Kachche Heere is a 1982 Bollywood Hindi action film directed by Narender Bedi, starring Feroz Khan, Reena Roy, Danny Denzongpa, Aruna Irani and Shakti Kapoor. The movie was produced by Netra Pal Singh and the music was composed by Rahul Dev Burman. The film was somewhat a sequel to the 1974 Blockbuster Khote Sikkay. The film had the same star cast and almost the exact story line. Among few changes were that Ranjeet was replaced by Shakti Kapoor. The film was released on 12 February 1982.

Story
The dacoits of Chambal, had some heinous characters like Lukka Singh Thakur, who not only looted, but were party to feuds amongst the ruling class to their own benefit, and one such feud was the killing of Feroz Khan's family as bounty for Kamal Singh Thakur, played by Kamal Kapoor, who supplied arms to the dacoits. After getting his brother killed by dacoits, he wanted to get his nephew sacrificed at the altar of  Goddess Durga, the main deity of rural Madhya Pradesh, and hands him over to Dilawar Singh. Dilawar Singh does not kill the child, dissuaded by his wife, who warns him of such Blasphemy, and thus they leave the village to bring up the child as their own, who is no other than Feroz Khan, called Ajnabi, or stranger throughout the movie.

Five petty thieves, Narendra Nath as Jaggu, Danny Denzongpa as Arjun, Shakti Kapoor as Salim, Sudhir (Indian Actor) as Bhaggu and Kanwar Ajit Deol as Tau Pahelwan, loot Prakash Mehra's house as fake Income tax officers, stuff the loot in a red suitcase and hide it underground at a tree in a village, in which they take refuge with the police hot on their heels. Here, they undergo a reformation, seeing the plight of the villagers under the atrocities of dacoit Lukka and his gang played by Dev Kumar.

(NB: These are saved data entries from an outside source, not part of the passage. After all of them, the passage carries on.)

(* Let $n \geq k \geq 1$ and let $Z_1,\ldots,Z_k$ be subsets of $[n]$ with $|Z_i| = k-1$ for every $i\in[k]$. Let $\alpha_1,\ldots,\alpha_n$ be indeterminates and, for $i\in[k]$, let $f_i(x)=\prod_{j\in Z_i}(x-\alpha_j)=\sum_{j=1}^{k} a_{i,j}x^{j-1}$, where each $a_{i,j}$ is a polynomial in $\alpha_1,\ldots,\alpha_n$ with integer coefficients. Let $\mathbf{A}=(a_{i,j})_{i,j\in[k]}$ and \[ F(\alpha_1,\ldots,\alpha_n)=\det(\mathbf{A})\prod_{1\le j<i\le n}(\alpha_i-\alpha_j). \] Then for every $t\in[n]$, the degree of $F$ in the variable $\alpha_t$ is at most $n+k-2$.
   Context: $[n]=\{1,\ldots,n\}$. *)

theory Defs
  imports "HOL-Library.Poly_Mapping" "HOL-Computational_Algebra.Polynomial" "Jordan_Normal_Form.Determinant"
begin

text \<open>Multivariate polynomials with integer coefficients in the indeterminates
  alpha_1, alpha_2, ... : finitely supported maps from monomials (exponent vectors
  nat =>0 nat) to integer coefficients.\<close>
type_synonym mpoly = "(nat \<Rightarrow>\<^sub>0 nat) \<Rightarrow>\<^sub>0 int"

definition Var :: "nat \<Rightarrow> mpoly" where
  "Var j = Poly_Mapping.single (Poly_Mapping.single j 1) 1"

text \<open>Degree of a multivariate polynomial in the variable alpha_t
  (degree of the zero polynomial taken to be 0).\<close>
definition degree_in :: "nat \<Rightarrow> mpoly \<Rightarrow> nat" where
  "degree_in t p = Max (insert 0 ((\<lambda>m. Poly_Mapping.lookup m t) ` Poly_Mapping.keys p))"

end

theory Submission imports Defs begin

text \<open>The Vandermonde product has degree n - 1 in each variable, so it suffices to bound the
  degree of det A in alpha_t by k - 1. Each entry of A is a coefficient of a product of
  linear factors and therefore has degree at most 1 in alpha_t, and degree 0 in every row
  i with t \<notin> Z_i; expanding the determinant gives the bound whenever some Z_i misses t.
  If instead t lies in every Z_i, then alpha_t is a common root of all f_i, i.e. A
  annihilates the vector (1, alpha_t, ..., alpha_t^(k-1)) whose first entry is 1, and
  then det A = 0.\<close>

lemma degree_in_le_iff:
  "degree_in t p \<le> d \<longleftrightarrow> (\<forall>m\<in>Poly_Mapping.keys p. Poly_Mapping.lookup m t \<le> d)"
  unfolding degree_in_def by (simp add: Max_le_iff)

lemma degree_in_zero [simp]: "degree_in t 0 = 0"
  unfolding degree_in_def by simp

lemma degree_in_one [simp]: "degree_in t 1 = 0"
  unfolding degree_in_def by simp

lemma degree_in_uminus [simp]: "degree_in t (- p) = degree_in t p"
  unfolding degree_in_def by simp

lemma degree_in_Var_le: "degree_in t (Var j) \<le> (if j = t then 1 else 0)"
  unfolding degree_in_le_iff Var_def by (auto simp: lookup_single)

lemma degree_in_add_le:
  assumes "degree_in t p \<le> d" and "degree_in t q \<le> d"
  shows "degree_in t (p + q) \<le> d"
  using assms keys_add[of p q] unfolding degree_in_le_iff by blast

lemma degree_in_diff_le:
  assumes "degree_in t p \<le> d" and "degree_in t q \<le> d"
  shows "degree_in t (p - q) \<le> d"
  using degree_in_add_le[of t p d "- q"] assms by simp

lemma degree_in_mult_le:
  assumes "degree_in t p \<le> a" and "degree_in t q \<le> b"
  shows "degree_in t (p * q) \<le> a + b"
  unfolding degree_in_le_iff
proof
  fix m assume "m \<in> Poly_Mapping.keys (p * q)"
  then obtain x y where "m = x + y" "x \<in> Poly_Mapping.keys p" "y \<in> Poly_Mapping.keys q"
    using keys_mult by blast
  then show "Poly_Mapping.lookup m t \<le> a + b"
    using assms by (simp add: degree_in_le_iff lookup_add add_mono)
qed

lemma degree_in_sum_le:
  "(\<And>i. i \<in> S \<Longrightarrow> degree_in t (g i) \<le> d) \<Longrightarrow> degree_in t (sum g S) \<le> d"
  by (induction S rule: infinite_finite_induct) (auto intro: degree_in_add_le)

lemma degree_in_prod_le:
  "(\<And>i. i \<in> S \<Longrightarrow> degree_in t (g i) \<le> d i) \<Longrightarrow> degree_in t (prod g S) \<le> sum d S"
  by (induction S rule: infinite_finite_induct) (auto intro: degree_in_mult_le)

lemma degree_in_signof_mult: "degree_in t (signof p * q) = degree_in t q"
proof -
  have "(signof p :: mpoly) \<in> {1, -1}" by (rule signof_pm_one)
  then have "signof p * q = q \<or> signof p * q = - q" by auto
  then show ?thesis by auto
qed

lemma degree_in_coeff_prod_linear_factors:
  assumes "finite S"
  shows "degree_in t (coeff (\<Prod>j\<in>S. [:- Var j, 1:]) i) \<le> card (S \<inter> {t})"
  using assms
proof (induction S arbitrary: i rule: finite_induct)
  case empty
  then show ?case by (cases i) auto
next
  case (insert j S)
  let ?q = "\<Prod>j\<in>S. [:- Var j, 1:]"
  have coeff_step: "coeff ([:- Var j, 1:] * ?q) i
      = - Var j * coeff ?q i + (case i of 0 \<Rightarrow> 0 | Suc i' \<Rightarrow> coeff ?q i')"
    by (simp add: mult_pCons_left coeff_pCons split: nat.splits)
  have card_step: "card (insert j S \<inter> {t}) = (if j = t then 1 else 0) + card (S \<inter> {t})"
    using insert by auto
  have "degree_in t (- Var j * coeff ?q i) \<le> card (insert j S \<inter> {t})"
    unfolding card_step by (rule degree_in_mult_le) (use degree_in_Var_le insert.IH in auto)
  moreover have "degree_in t (case i of 0 \<Rightarrow> 0 | Suc i' \<Rightarrow> coeff ?q i') \<le> card (insert j S \<inter> {t})"
    using insert.IH[of "i - 1"] card_step by (cases i) auto
  ultimately show ?case
    unfolding prod.insert[OF insert(1,2)] coeff_step by (rule degree_in_add_le)
qed

lemma degree_in_vandermonde_le:
  assumes "t \<in> {1..n}"
  shows "degree_in t (\<Prod>i\<in>{1..n}. \<Prod>j\<in>{1..<i}. (Var i - Var j)) \<le> n - 1"
proof -
  have "degree_in t (\<Prod>i\<in>{1..n}. \<Prod>j\<in>{1..<i}. (Var i - Var j))
      \<le> (\<Sum>i\<in>{1..n}. \<Sum>j\<in>{1..<i}. (if i = t then 1 else 0) + (if j = t then 1 else 0))"
    by (intro degree_in_prod_le degree_in_diff_le; rule order_trans[OF degree_in_Var_le]; simp)
  also have "\<dots> = (\<Sum>i\<in>{1..n}. (if i = t then i - 1 else 0) + (if t < i then 1 else 0))"
    using assms by (intro sum.cong) (auto simp: sum.distrib)
  also have "\<dots> = (t - 1) + card {t<..n}"
  proof -
    have "{Suc 0..n} \<inter> Collect ((<) t) = {t<..n}" using assms by auto
    then show ?thesis using assms by (simp add: sum.distrib sum.If_cases)
  qed
  also have "\<dots> = n - 1" using assms by simp
  finally show ?thesis .
qed

lemma degree_in_det_le:
  assumes "A \<in> carrier_mat k k"
    and "\<And>i j. i < k \<Longrightarrow> j < k \<Longrightarrow> degree_in t (A $$ (i, j)) \<le> d i"
  shows "degree_in t (det A) \<le> (\<Sum>i<k. d i)"
  unfolding det_def'[OF assms(1)] lessThan_atLeast0
proof (intro degree_in_sum_le, unfold degree_in_signof_mult, intro degree_in_prod_le)
  fix p i assume "p \<in> {p. p permutes {0..<k}}" and "i \<in> {0..<k}"
  then show "degree_in t (A $$ (i, p i)) \<le> d i"
    using assms(2) permutes_in_image by fastforce
qed

lemma det_eq_0_if_col_zero:
  assumes "A \<in> carrier_mat k k" and "c < k" and "\<And>i. i < k \<Longrightarrow> A $$ (i, c) = 0"
  shows "det A = 0"
  unfolding det_col[OF assms(1)]
proof (rule sum.neutral, intro ballI)
  fix p assume "p \<in> {p. p permutes {0..<k}}"
  then have "p c < k" using assms(2) permutes_in_image by fastforce
  then have "(\<Prod>j<k. A $$ (p j, j)) = 0"
    using assms(2,3) by (intro prod_zero) auto
  then show "signof p * (\<Prod>j<k. A $$ (p j, j)) = 0" by simp
qed

text \<open>Right multiplication by the unimodular matrix that agrees with the identity except
  for its first column (1, x, ..., x^(k-1)) makes the first column of A zero.\<close>

lemma det_eq_0_if_rows_vanish_at:
  fixes A :: "'a :: comm_ring_1 mat"
  assumes A: "A \<in> carrier_mat k k" and "0 < k"
    and vanish: "\<And>i. i < k \<Longrightarrow> (\<Sum>j<k. A $$ (i, j) * x ^ j) = 0"
  shows "det A = 0"
proof -
  define M :: "'a mat" where
    "M = mat k k (\<lambda>(i, j). if j = 0 then x ^ i else if i = j then 1 else 0)"
  have M: "M \<in> carrier_mat k k" unfolding M_def by simp
  have "det M = prod_list (diag_mat M)"
    by (rule det_lower_triangular[OF _ M]) (simp add: M_def)
  also have "diag_mat M = replicate k 1"
    by (rule nth_equalityI) (auto simp: diag_mat_def M_def)
  finally have "det M = 1" by simp
  moreover have "det (A * M) = 0"
  proof (rule det_eq_0_if_col_zero)
    fix i assume "i < k"
    then show "(A * M) $$ (i, 0) = 0"
      using vanish[of i] A M \<open>0 < k\<close> by (simp add: scalar_prod_def M_def lessThan_atLeast0)
  qed (use A M \<open>0 < k\<close> in auto)
  ultimately show ?thesis using det_mult[OF A M] by simp
qed

lemma poly_eq_sum_coeff_lessThan:
  fixes p :: "'a :: comm_semiring_1 poly"
  assumes "degree p < k"
  shows "poly p x = (\<Sum>j<k. coeff p j * x ^ j)"
proof -
  have "poly p x = (\<Sum>j\<le>degree p. coeff p j * x ^ j)" by (rule poly_altdef)
  also have "\<dots> = (\<Sum>j<k. coeff p j * x ^ j)"
    by (rule sum.mono_neutral_left) (use assms in \<open>auto simp: coeff_eq_0\<close>)
  finally show ?thesis .
qed

lemma degree_in_det_coeff_mat_le:
  assumes "0 < k" and Z: "\<And>i. i < k \<Longrightarrow> finite (Z i) \<and> card (Z i) = k - 1"
  shows "degree_in t (det (mat k k (\<lambda>(i, j). coeff (\<Prod>l\<in>Z i. [:- Var l, 1:]) j))) \<le> k - 1"
    (is "degree_in t (det ?A) \<le> _")
proof (cases "\<exists>i0<k. t \<notin> Z i0")
  case True
  then obtain i0 where i0: "i0 < k" "t \<notin> Z i0" by blast
  have "degree_in t (det ?A) \<le> (\<Sum>i<k. if i = i0 then 0 else 1)"
  proof (rule degree_in_det_le)
    fix i j assume "i < k" "j < k"
    then have "degree_in t (?A $$ (i, j)) \<le> card (Z i \<inter> {t})"
      using Z degree_in_coeff_prod_linear_factors by simp
    moreover have "card (Z i \<inter> {t}) \<le> 1"
      using card_mono[of "{t}" "Z i \<inter> {t}"] by simp
    ultimately show "degree_in t (?A $$ (i, j)) \<le> (if i = i0 then 0 else 1)"
      using i0 by auto
  qed simp
  also have "\<dots> = k - 1"
    using i0 by (simp add: sum.If_cases Diff_eq[symmetric])
  finally show ?thesis .
next
  case False
  have "det ?A = 0"
  proof (rule det_eq_0_if_rows_vanish_at[where x = "Var t"])
    fix i assume i: "i < k"
    have "degree (\<Prod>l\<in>Z i. [:- Var l, 1:]) \<le> card (Z i)"
      using degree_prod_sum_le[of "Z i" "\<lambda>l. [:- Var l, 1:]"] Z[OF i] by simp
    then have "(\<Sum>j<k. ?A $$ (i, j) * Var t ^ j) = poly (\<Prod>l\<in>Z i. [:- Var l, 1:]) (Var t)"
      using i Z[OF i] \<open>0 < k\<close> by (simp add: poly_eq_sum_coeff_lessThan[of _ k])
    also have "\<dots> = 0"
      unfolding poly_prod using Z i False by (intro prod_zero) auto
    finally show "(\<Sum>j<k. ?A $$ (i, j) * Var t ^ j) = 0" .
  qed (use \<open>0 < k\<close> in auto)
  then show ?thesis by simp
qed

theorem lemma1:
  fixes n k :: nat and Z :: "nat \<Rightarrow> nat set"
    and f :: "nat \<Rightarrow> mpoly poly" and A :: "mpoly mat" and F :: mpoly
  assumes "1 \<le> k" and "k \<le> n"
    and "\<forall>i\<in>{1..k}. Z i \<subseteq> {1..n} \<and> card (Z i) = k - 1"
  defines "f \<equiv> \<lambda>i. \<Prod>j\<in>Z i. [:- Var j, 1:]"
    and "A \<equiv> mat k k (\<lambda>(i, j). coeff (f (i + 1)) j)"
    and "F \<equiv> det A * (\<Prod>i\<in>{1..n}. \<Prod>j\<in>{1..<i}. (Var i - Var j))"
  shows "\<forall>t\<in>{1..n}. degree_in t F \<le> n + k - 2"
proof
  fix t assume t: "t \<in> {1..n}"
  have Z: "finite (Z (i + 1)) \<and> card (Z (i + 1)) = k - 1" if "i < k" for i
    using assms(3) that finite_subset[of "Z (i + 1)" "{1..n}"] by auto
  have "degree_in t (det A) \<le> k - 1"
    unfolding A_def f_def using degree_in_det_coeff_mat_le[of k "\<lambda>i. Z (i + 1)"] Z assms(1)
    by simp
  then have "degree_in t F \<le> (k - 1) + (n - 1)"
    unfolding F_def by (rule degree_in_mult_le[OF _ degree_in_vandermonde_le[OF t]])
  then show "degree_in t F \<le> n + k - 2" using assms(1,2) by linarith
qed

end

Feroz Khan is told by Dilawar Singh that he is the real owner of the Thakur properties and gives him a Swastika locket on a neck chain as his family heirloom, as well as telling him that he has hidden the papers related to his real identity in a box, near the same place that the five thieves had hidden their loot.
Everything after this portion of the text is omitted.